= TASK DESCRIPTION =
Repeat all the records, precisely as given.

[Stored items]
=-=-=

(* Label the vertices by residues f : V \<rightarrow> Z/q and call v stuck if no u \<noteq> v has
   f u = f v + w v u. For a uniformly random labeling each vertex is stuck with probability
   (1 - 1/q)^(n-1), and n (1 - 1/q)^(n-1) < 1 for n = \<lceil>2 q ln q\<rceil>; counting labelings
   instead of measuring them, some labeling has no stuck vertex. Following such successors from
   any vertex closes a cycle, along which w is congruent to the differences of f and hence
   telescopes to 0. *)

lemma card_labelings_stuck_at_le:
  fixes w :: "'a \<Rightarrow> 'a \<Rightarrow> int"
  assumes finV: "finite V" and v: "v \<in> V" and q: "q > 0"
  shows "card {f \<in> V \<rightarrow>\<^sub>E {0..<int q}. \<forall>u\<in>V - {v}. f u \<noteq> (f v + w v u) mod int q}
    \<le> q * (q - 1) ^ (card V - 1)"
proof -
  define Q where "Q = {0..<int q}"
  define B where "B c = PiE V (\<lambda>u. if u = v then {c} else Q - {(c + w v u) mod int q})" for c
  have card_B: "card (B c) = (q - 1) ^ (card V - 1)" for c
  proof -
    have "card (B c) = (\<Prod>u\<in>V. card (if u = v then {c} else Q - {(c + w v u) mod int q}))"
      unfolding B_def using finV by (simp add: card_PiE)
    also have "\<dots> = (\<Prod>u\<in>V - {v}. card (Q - {(c + w v u) mod int q}))"
      using finV v by (simp add: prod.remove)
    also have "\<dots> = (\<Prod>u\<in>V - {v}. q - 1)"
      using q by (intro prod.cong) (auto simp: Q_def card_Diff_singleton)
    finally show ?thesis
      using finV v by (simp add: card_Diff_singleton)
  qed
  have "f \<in> B (f v)" and "f v \<in> Q"
    if "f \<in> {f \<in> V \<rightarrow>\<^sub>E Q. \<forall>u\<in>V - {v}. f u \<noteq> (f v + w v u) mod int q}" for f
    using that v by (auto simp: B_def PiE_iff)
  then have "{f \<in> V \<rightarrow>\<^sub>E Q. \<forall>u\<in>V - {v}. f u \<noteq> (f v + w v u) mod int q} \<subseteq> (\<Union>c\<in>Q. B c)"
    by blast
  then have "card {f \<in> V \<rightarrow>\<^sub>E Q. \<forall>u\<in>V - {v}. f u \<noteq> (f v + w v u) mod int q}
      \<le> card (\<Union>c\<in>Q. B c)"
    using finV by (intro card_mono) (auto simp: B_def Q_def intro!: finite_PiE)
  also have "\<dots> \<le> (\<Sum>c\<in>Q. card (B c))"
    by (rule card_UN_le) (simp add: Q_def)
  also have "\<dots> = q * (q - 1) ^ (card V - 1)"
    by (simp add: card_B Q_def)
  finally show ?thesis
    by (simp only: Q_def)
qed

lemma exists_potential_with_successors:
  fixes w :: "'a \<Rightarrow> 'a \<Rightarrow> int"
  assumes finV: "finite V" and q: "q > 0"
    and few_stuck: "card V * q * (q - 1) ^ (card V - 1) < q ^ card V"
  shows "\<exists>f. \<forall>v\<in>V. \<exists>u\<in>V. u \<noteq> v \<and> [w v u = f u - f v] (mod int q)"
proof -
  define F where "F = V \<rightarrow>\<^sub>E {0..<int q}"
  define stuck where
    "stuck v = {f \<in> F. \<forall>u\<in>V - {v}. f u \<noteq> (f v + w v u) mod int q}" for v
  have "card (\<Union>v\<in>V. stuck v) \<le> (\<Sum>v\<in>V. card (stuck v))"
    by (rule card_UN_le) (rule finV)
  also have "\<dots> \<le> (\<Sum>v\<in>V. q * (q - 1) ^ (card V - 1))"
    unfolding stuck_def F_def using finV q by (intro sum_mono card_labelings_stuck_at_le)
  also have "\<dots> < card F"
    using few_stuck finV by (simp add: F_def card_PiE)
  finally have "\<not> F \<subseteq> (\<Union>v\<in>V. stuck v)"
    by (auto simp: stuck_def dest: subset_antisym)
  then obtain f where "f \<in> F" and not_stuck: "\<forall>v\<in>V. f \<notin> stuck v"
    by blast
  have "\<exists>u\<in>V. u \<noteq> v \<and> [w v u = f u - f v] (mod int q)" if "v \<in> V" for v
  proof -
    obtain u where "u \<in> V" "u \<noteq> v" "f u = (f v + w v u) mod int q"
      using not_stuck \<open>f \<in> F\<close> \<open>v \<in> V\<close> by (auto simp: stuck_def)
    then show ?thesis
      by (auto simp: cong_def mod_diff_left_eq)
  qed
  then show ?thesis
    by blast
qed
(* Conditionally on G(t) = s, the MGCP probability of n is a finite sum, over the families (n_ij),
   of products of Poisson weights; integrating s^r exp(-lambda s) against the gamma density turns
   it into Gamma(bt + r). Hence, with p_ij = lambda_ij / (lambda + a), rho = sum p_ij < 1 and
   X(theta) = sum p_ij exp(i j theta_i), the law of W(t) is negative multinomial: Pr{W(t) = n} is the
   coefficient of z^n in (1 - rho)^(bt) (1 - sum p_ij z_i^j)^(-bt). So the characteristic function
   of W(t) is exp(t b (log(1 - rho) - log(1 - X(theta)))), and expanding
   -b log(1 - X) = sum_r b Gamma(r) X^r / r! with the multinomial theorem exhibits the Levy weights
   of the formula. Every rearrangement is justified by absolute convergence, as |X(theta)| <= rho. *)

theory Submission
  imports Defs
begin

section \<open>Multinomial series\<close>

definition weak_compositions :: "'a set \<Rightarrow> nat \<Rightarrow> ('a \<Rightarrow> nat) set" where
  "weak_compositions P r = {f. (\<forall>p. p \<notin> P \<longrightarrow> f p = 0) \<and> sum f P = r}"

lemma finite_weak_compositions:
  assumes "finite P"
  shows "finite (weak_compositions P r)"
proof (rule finite_subset)
  show "weak_compositions P r \<subseteq> {f. \<forall>p. (p \<in> P \<longrightarrow> f p \<in> {0..r}) \<and> (p \<notin> P \<longrightarrow> f p = 0)}"
    using assms by (auto simp: weak_compositions_def intro: member_le_sum)
  show "finite {f. \<forall>p. (p \<in> P \<longrightarrow> f p \<in> {0..r}) \<and> (p \<notin> P \<longrightarrow> f p = (0::nat))}"
    using assms by (intro finite_set_of_finite_funs) auto
qed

=-=-=

= WRITTEN ANSWER =
(* Label the vertices by residues f : V \<rightarrow> Z/q and call v stuck if no u \<noteq> v has
   f u = f v + w v u. For a uniformly random labeling each vertex is stuck with probability
   (1 - 1/q)^(n-1), and n (1 - 1/q)^(n-1) < 1 for n = \<lceil>2 q ln q\<rceil>; counting labelings
   instead of measuring them, some labeling has no stuck vertex. Following such successors from
   any vertex closes a cycle, along which w is congruent to the differences of f and hence
   telescopes to 0. *)

lemma card_labelings_stuck_at_le:
  fixes w :: "'a \<Rightarrow> 'a \<Rightarrow> int"
  assumes finV: "finite V" and v: "v \<in> V" and q: "q > 0"
  shows "card {f \<in> V \<rightarrow>\<^sub>E {0..<int q}. \<forall>u\<in>V - {v}. f u \<noteq> (f v + w v u) mod int q}
    \<le> q * (q - 1) ^ (card V - 1)"
proof -
  define Q where "Q = {0..<int q}"
  define B where "B c = PiE V (\<lambda>u. if u = v then {c} else Q - {(c + w v u) mod int q})" for c
  have card_B: "card (B c) = (q - 1) ^ (card V - 1)" for c
  proof -
    have "card (B c) = (\<Prod>u\<in>V. card (if u = v then {c} else Q - {(c + w v u) mod int q}))"
      unfolding B_def using finV by (simp add: card_PiE)
    also have "\<dots> = (\<Prod>u\<in>V - {v}. card (Q - {(c + w v u) mod int q}))"
      using finV v by (simp add: prod.remove)
    also have "\<dots> = (\<Prod>u\<in>V - {v}. q - 1)"
      using q by (intro prod.cong) (auto simp: Q_def card_Diff_singleton)
    finally show ?thesis
      using finV v by (simp add: card_Diff_singleton)
  qed
  have "f \<in> B (f v)" and "f v \<in> Q"
    if "f \<in> {f \<in> V \<rightarrow>\<^sub>E Q. \<forall>u\<in>V - {v}. f u \<noteq> (f v + w v u) mod int q}" for f
    using that v by (auto simp: B_def PiE_iff)
  then have "{f \<in> V \<rightarrow>\<^sub>E Q. \<forall>u\<in>V - {v}. f u \<noteq> (f v + w v u) mod int q} \<subseteq> (\<Union>c\<in>Q. B c)"
    by blast
  then have "card {f \<in> V \<rightarrow>\<^sub>E Q. \<forall>u\<in>V - {v}. f u \<noteq> (f v + w v u) mod int q}
      \<le> card (\<Union>c\<in>Q. B c)"
    using finV by (intro card_mono) (auto simp: B_def Q_def intro!: finite_PiE)
  also have "\<dots> \<le> (\<Sum>c\<in>Q. card (B c))"
    by (rule card_UN_le) (simp add: Q_def)
  also have "\<dots> = q * (q - 1) ^ (card V - 1)"
    by (simp add: card_B Q_def)
  finally show ?thesis
    by (simp only: Q_def)
qed

lemma exists_potential_with_successors:
  fixes w :: "'a \<Rightarrow> 'a \<Rightarrow> int"
  assumes finV: "finite V" and q: "q > 0"
    and few_stuck: "card V * q * (q - 1) ^ (card V - 1) < q ^ card V"
  shows "\<exists>f. \<forall>v\<in>V. \<exists>u\<in>V. u \<noteq> v \<and> [w v u = f u - f v] (mod int q)"
proof -
  define F where "F = V \<rightarrow>\<^sub>E {0..<int q}"
  define stuck where
    "stuck v = {f \<in> F. \<forall>u\<in>V - {v}. f u \<noteq> (f v + w v u) mod int q}" for v
  have "card (\<Union>v\<in>V. stuck v) \<le> (\<Sum>v\<in>V. card (stuck v))"
    by (rule card_UN_le) (rule finV)
  also have "\<dots> \<le> (\<Sum>v\<in>V. q * (q - 1) ^ (card V - 1))"
    unfolding stuck_def F_def using finV q by (intro sum_mono card_labelings_stuck_at_le)
  also have "\<dots> < card F"
    using few_stuck finV by (simp add: F_def card_PiE)
  finally have "\<not> F \<subseteq> (\<Union>v\<in>V. stuck v)"
    by (auto simp: stuck_def dest: subset_antisym)
  then obtain f where "f \<in> F" and not_stuck: "\<forall>v\<in>V. f \<notin> stuck v"
    by blast
  have "\<exists>u\<in>V. u \<noteq> v \<and> [w v u = f u - f v] (mod int q)" if "v \<in> V" for v
  proof -
    obtain u where "u \<in> V" "u \<noteq> v" "f u = (f v + w v u) mod int q"
      using not_stuck \<open>f \<in> F\<close> \<open>v \<in> V\<close> by (auto simp: stuck_def)
    then show ?thesis
      by (auto simp: cong_def mod_diff_left_eq)
  qed
  then show ?thesis
    by blast
qed
(* Conditionally on G(t) = s, the MGCP probability of n is a finite sum, over the families (n_ij),
   of products of Poisson weights; integrating s^r exp(-lambda s) against the gamma density turns
   it into Gamma(bt + r). Hence, with p_ij = lambda_ij / (lambda + a), rho = sum p_ij < 1 and
   X(theta) = sum p_ij exp(i j theta_i), the law of W(t) is negative multinomial: Pr{W(t) = n} is the
   coefficient of z^n in (1 - rho)^(bt) (1 - sum p_ij z_i^j)^(-bt). So the characteristic function
   of W(t) is exp(t b (log(1 - rho) - log(1 - X(theta)))), and expanding
   -b log(1 - X) = sum_r b Gamma(r) X^r / r! with the multinomial theorem exhibits the Levy weights
   of the formula. Every rearrangement is justified by absolute convergence, as |X(theta)| <= rho. *)

theory Submission
  imports Defs
begin

section \<open>Multinomial series\<close>

definition weak_compositions :: "'a set \<Rightarrow> nat \<Rightarrow> ('a \<Rightarrow> nat) set" where
  "weak_compositions P r = {f. (\<forall>p. p \<notin> P \<longrightarrow> f p = 0) \<and> sum f P = r}"

lemma finite_weak_compositions:
  assumes "finite P"
  shows "finite (weak_compositions P r)"
proof (rule finite_subset)
  show "weak_compositions P r \<subseteq> {f. \<forall>p. (p \<in> P \<longrightarrow> f p \<in> {0..r}) \<and> (p \<notin> P \<longrightarrow> f p = 0)}"
    using assms by (auto simp: weak_compositions_def intro: member_le_sum)
  show "finite {f. \<forall>p. (p \<in> P \<longrightarrow> f p \<in> {0..r}) \<and> (p \<notin> P \<longrightarrow> f p = (0::nat))}"
    using assms by (intro finite_set_of_finite_funs) auto
qed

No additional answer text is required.